Record set.
■ ■ ■ ■

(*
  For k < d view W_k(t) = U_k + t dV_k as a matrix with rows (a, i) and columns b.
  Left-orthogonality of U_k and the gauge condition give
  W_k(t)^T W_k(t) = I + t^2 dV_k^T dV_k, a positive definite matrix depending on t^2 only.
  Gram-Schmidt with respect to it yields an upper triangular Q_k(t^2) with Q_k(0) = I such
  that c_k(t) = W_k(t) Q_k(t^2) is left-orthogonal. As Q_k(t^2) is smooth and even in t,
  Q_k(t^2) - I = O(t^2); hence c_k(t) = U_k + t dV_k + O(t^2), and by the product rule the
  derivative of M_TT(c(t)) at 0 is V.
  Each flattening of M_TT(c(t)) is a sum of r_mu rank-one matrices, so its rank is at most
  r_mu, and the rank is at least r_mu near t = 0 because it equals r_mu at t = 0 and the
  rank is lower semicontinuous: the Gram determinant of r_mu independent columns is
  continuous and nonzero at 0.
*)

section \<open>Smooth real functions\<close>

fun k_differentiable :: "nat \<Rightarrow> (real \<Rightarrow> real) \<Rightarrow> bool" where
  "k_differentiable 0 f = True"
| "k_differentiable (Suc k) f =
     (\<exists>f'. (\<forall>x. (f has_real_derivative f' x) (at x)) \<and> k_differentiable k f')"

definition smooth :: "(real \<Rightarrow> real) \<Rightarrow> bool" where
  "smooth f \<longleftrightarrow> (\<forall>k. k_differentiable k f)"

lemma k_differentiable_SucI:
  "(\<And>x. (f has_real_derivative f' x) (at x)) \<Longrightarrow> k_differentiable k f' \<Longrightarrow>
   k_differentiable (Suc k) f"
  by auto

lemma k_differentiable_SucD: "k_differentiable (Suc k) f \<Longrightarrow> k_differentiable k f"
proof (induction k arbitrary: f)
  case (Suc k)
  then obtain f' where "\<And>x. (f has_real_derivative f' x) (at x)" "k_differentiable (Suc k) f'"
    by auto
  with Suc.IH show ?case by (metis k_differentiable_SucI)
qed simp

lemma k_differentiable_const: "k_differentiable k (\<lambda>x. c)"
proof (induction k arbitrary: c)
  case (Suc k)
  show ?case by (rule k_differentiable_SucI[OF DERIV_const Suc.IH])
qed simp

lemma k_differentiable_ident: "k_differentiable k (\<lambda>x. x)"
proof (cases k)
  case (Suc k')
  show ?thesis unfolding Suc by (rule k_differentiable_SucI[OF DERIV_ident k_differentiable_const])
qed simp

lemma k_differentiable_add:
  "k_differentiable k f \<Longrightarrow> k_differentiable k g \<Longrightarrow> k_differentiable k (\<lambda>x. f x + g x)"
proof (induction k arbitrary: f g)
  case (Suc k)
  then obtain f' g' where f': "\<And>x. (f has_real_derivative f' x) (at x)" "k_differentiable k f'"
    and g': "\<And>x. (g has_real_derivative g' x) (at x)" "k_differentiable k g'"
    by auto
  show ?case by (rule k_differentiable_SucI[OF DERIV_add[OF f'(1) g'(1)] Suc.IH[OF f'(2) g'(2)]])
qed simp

■ ■ ■ ■

Task details. A count is needed of the lines in the entries that contain "bool". Supply only that number.

Task output. 2